И он закрыл за собой дверь, оставив своих гостей стоять в бессильной ярости.
Легкая дрожь в руках исчезла. Когда Иткламмерт Кардасса подошел к последним, самым тяжелым дверям, которые вели в его личное подземное убежище, он почувствовал, что его это радует. Он знал, что этой ночью ему предстоит здесь умереть и у него не будет возможности снова обнять ни Аманталу, ни Нрини, ни одну из девочек Ларант. Он не сможет попрощаться с ними должным образом, поблагодарить и одарить деньгами и отдать строгий приказ убираться подальше из Кардассы, чтобы его еще не рожденные дети были спрятаны в надежном убежище до тех пор, пока хотя бы один из них не дорастет до того возраста, когда сможет предъявить права на наследство и начать править в Кардассе. По крайней мере, он оставил распоряжения Баретосу и Убунтеру следить за его женщинами и помогать им, но этих двух старых магов нельзя было назвать кладезем мудрости и оплотом силы. И вместе они работать не станут, даже если на карту будет поставлена вся Аглирта и их собственная шкура, не говоря уже о жизни младенца, отцу которого — Ворону Кардассы — они сначала служили из чувства долга перед его предком, а потом больше из страха.

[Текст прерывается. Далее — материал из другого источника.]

(* Let $N,l$ be positive integers with $l<N$, let $\hat a(\xi)=\cos^{2N}(\xi/2)\sum_{j=0}^{l}\binom{N-1+j}{j}\sin^{2j}(\xi/2)$ be the type II pseudo spline mask of order $(N,l)$, and let $\phi$ be the pseudo spline of type II, $\hat\phi(\xi)=\prod_{j=1}^\infty\hat a(2^{-j}\xi)$. Let $C_1=2^{-(2l+2)}\sum_{j=l+1}^{N+l}\binom{N+l}{j}$. Let $K\subset[-\pi,\pi]$ be nonempty and such that there is $\xi_0\in K$ with $|\xi_0|=\max_{\xi\in K}|\xi|$, and let $k_0$ be a positive integer such that $2^{-k}C_1|\xi|^{2l+2}<\tfrac12$ for all $\xi\in K$ and all $k>k_0$. Then for all $\xi\in\mathbb R$, $$|\hat\phi(\xi)|\ge C_4\,\chi_K(\xi),\qquad C_4=\prod_{k=1}^{k_0}|\hat a(2^{-k}\xi_0)|\,\exp\!\big(-C_1 2^{-k_0+1}|\xi_0|^{2l+2}\big).$$ *)

theory Defs
  imports "HOL-Analysis.Analysis"
begin

definition pseudo_mask :: "nat \<Rightarrow> nat \<Rightarrow> real \<Rightarrow> real" where
  "pseudo_mask N l \<xi> = (cos (\<xi>/2)) ^ (2*N) *
     (\<Sum>j=0..l. real ((N - 1 + j) choose j) * (sin (\<xi>/2)) ^ (2*j))"

definition pseudo_phi_hat :: "nat \<Rightarrow> nat \<Rightarrow> real \<Rightarrow> real" where
  "pseudo_phi_hat N l \<xi> = (\<Prod>j. pseudo_mask N l (\<xi> / 2 ^ (Suc j)))"

definition pseudo_C1 :: "nat \<Rightarrow> nat \<Rightarrow> real" where
  "pseudo_C1 N l = 2 powr (- real (2*l+2)) * (\<Sum>j=l+1..N+l. real ((N+l) choose j))"

end

theory Submission imports Defs begin

text \<open>In \<open>y = sin\<^sup>2(\<xi>/2)\<close> the mask is \<open>g(y) = (1-y)^N S(y)\<close> with
  \<open>S(y) = \<Sum>j\<le>l. binom(N-1+j, j) y^j\<close>, and \<open>g'(y)\<close> collapses to the single term
  \<open>-(N+l) binom(N-1+l, l) y^l (1-y)^(N-1)\<close>. So \<open>g\<close> decreases on \<open>[0,1]\<close> from \<open>g(0) = 1\<close>
  and \<open>1 - g(y) \<le> binom(N+l, l+1) y^(l+1)\<close>; in terms of \<open>\<xi>\<close> the mask lies in \<open>[0,1]\<close>,
  decreases in \<open>|\<xi>|\<close> on \<open>[-pi,pi]\<close> and satisfies \<open>1 - a(\<xi>) \<le> C1 |\<xi>|^(2l+2)\<close>.
  In the product for \<open>\<phi>(\<xi>)\<close>, the first \<open>k0\<close> factors dominate those at \<open>\<xi>0\<close> by
  monotonicity, and every later factor is at least \<open>exp(-2(1 - a))\<close> because \<open>1 - a \<le> 1/2\<close>
  there; the exponents form a geometric tail summing to \<open>C1 2^(1-k0) |\<xi>|^(2l+2)\<close>.\<close>

definition mask_poly :: "nat \<Rightarrow> nat \<Rightarrow> real \<Rightarrow> real" where
  "mask_poly N l y = (1 - y) ^ N * (\<Sum>j=0..l. real ((N - 1 + j) choose j) * y ^ j)"

lemma pseudo_mask_eq_mask_poly: "pseudo_mask N l \<xi> = mask_poly N l ((sin (\<xi>/2))\<^sup>2)"
  unfolding pseudo_mask_def mask_poly_def by (simp add: power_mult cos_squared_eq)

lemma mask_poly_0 [simp]: "mask_poly N l 0 = 1"
proof -
  have "(\<Sum>j=0..l. real ((N - 1 + j) choose j) * 0 ^ j) = (\<Sum>j\<in>{0..l}. if j = 0 then 1 else 0)"
    by (intro sum.cong) auto
  then show ?thesis by (simp add: mask_poly_def)
qed

lemma mask_poly_nonneg: "0 \<le> y \<Longrightarrow> y \<le> 1 \<Longrightarrow> 0 \<le> mask_poly N l y"
  unfolding mask_poly_def by (intro mult_nonneg_nonneg sum_nonneg) auto

lemma Suc_mult_choose_shift:
  assumes "1 \<le> N"
  shows "real (Suc l) * real ((N - 1 + Suc l) choose Suc l) = real (N + l) * real ((N - 1 + l) choose l)"
proof -
  have "Suc (N - 1 + l) * ((N - 1 + l) choose l) = (Suc (N - 1 + l) choose Suc l) * Suc l"
    by (rule Suc_times_binomial_eq)
  moreover have "Suc (N - 1 + l) = N + l" "N - 1 + Suc l = Suc (N - 1 + l)"
    using assms by auto
  ultimately show ?thesis
    by (metis of_nat_mult mult.commute)
qed

lemma mask_sum_deriv_identity:
  assumes "1 \<le> N"
  shows "(1 - y) * (\<Sum>j=0..l. real ((N - 1 + j) choose j) * (real j * y ^ (j - 1)))
           - real N * (\<Sum>j=0..l. real ((N - 1 + j) choose j) * y ^ j)
         = - (real (N + l) * real ((N - 1 + l) choose l) * y ^ l)"
proof (induction l)
  case 0
  then show ?case by simp
next
  case (Suc l)
  let ?c = "\<lambda>j. real ((N - 1 + j) choose j)"
  have "(1 - y) * (\<Sum>j=0..Suc l. ?c j * (real j * y ^ (j - 1)))
          - real N * (\<Sum>j=0..Suc l. ?c j * y ^ j)
      = ((1 - y) * (\<Sum>j=0..l. ?c j * (real j * y ^ (j - 1))) - real N * (\<Sum>j=0..l. ?c j * y ^ j))
        + (real (Suc l) * ?c (Suc l)) * y ^ l - (real (Suc l) + real N) * ?c (Suc l) * y ^ Suc l"
    by (simp add: algebra_simps del: binomial_Suc_Suc)
  also have "\<dots> = - (real (N + Suc l) * ?c (Suc l) * y ^ Suc l)"
    unfolding Suc.IH Suc_mult_choose_shift[OF assms] by (simp add: algebra_simps del: binomial_Suc_Suc)
  finally show ?case .
qed

lemma mask_poly_has_real_derivative:
  assumes "1 \<le> N"
  shows "(mask_poly N l has_real_derivative
           - (real (N + l) * real ((N - 1 + l) choose l) * y ^ l * (1 - y) ^ (N - 1))) (at y)"
proof -
  define S where "S y = (\<Sum>j=0..l. real ((N - 1 + j) choose j) * y ^ j)" for y
  define S' where "S' = (\<Sum>j=0..l. real ((N - 1 + j) choose j) * (real j * y ^ (j - 1)))"
  have "((\<lambda>y. (1 - y) ^ N) has_real_derivative - (real N * (1 - y) ^ (N - 1))) (at y)"
    by (auto intro!: derivative_eq_intros)
  moreover have "(S has_real_derivative S') (at y)"
    unfolding S_def S'_def by (auto intro!: derivative_eq_intros DERIV_sum)
  ultimately have "(mask_poly N l has_real_derivative
                    - (real N * (1 - y) ^ (N - 1)) * S y + S' * (1 - y) ^ N) (at y)"
    unfolding mask_poly_def S_def[symmetric] by (rule DERIV_mult)
  moreover have "(1 - y) ^ N = (1 - y) ^ (N - 1) * (1 - y)"
    using assms by (metis Suc_diff_le diff_Suc_1 power_Suc2)
  then have "- (real N * (1 - y) ^ (N - 1)) * S y + S' * (1 - y) ^ N
           = (1 - y) ^ (N - 1) * ((1 - y) * S' - real N * S y)"
    by (subst \<open>(1 - y) ^ N = _\<close>) (simp add: algebra_simps)
  ultimately show ?thesis
    unfolding S_def S'_def mask_sum_deriv_identity[OF assms] by (simp add: mult_ac)
qed

lemma mask_poly_antimono:
  assumes "1 \<le> N" "0 \<le> y1" "y1 \<le> y2" "y2 \<le> 1"
  shows "mask_poly N l y2 \<le> mask_poly N l y1"
proof (rule DERIV_nonpos_imp_nonincreasing[OF assms(3)])
  fix x assume "y1 \<le> x" "x \<le> y2"
  with assms have "0 \<le> x" "x \<le> 1" by simp_all
  then have "- (real (N + l) * real ((N - 1 + l) choose l) * x ^ l * (1 - x) ^ (N - 1)) \<le> 0"
    by (simp add: zero_le_mult_iff)
  then show "\<exists>d. (mask_poly N l has_real_derivative d) (at x) \<and> d \<le> 0"
    using mask_poly_has_real_derivative[OF assms(1)] by blast
qed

Таурим отвезет его послание на остров без всякого приказа, если только добрый управляющий не погибнет от стрел Аделна или мечей Орнентара. Великий правитель Кардассы никогда бы не покинул Таткаладорн живым, и все же, если он дорого продаст свою жизнь, немногие из его убийц уцелеют, и еще один заговор рухнет, не успев как следует пошатнуть Речной Трон. Пробужденный король, возможно, получит дополнительное время для того, чтобы снова превратить Аглирту в сильное государство из горстки воюющих между собой баронств и заброшенных земель, кишащих бандитами.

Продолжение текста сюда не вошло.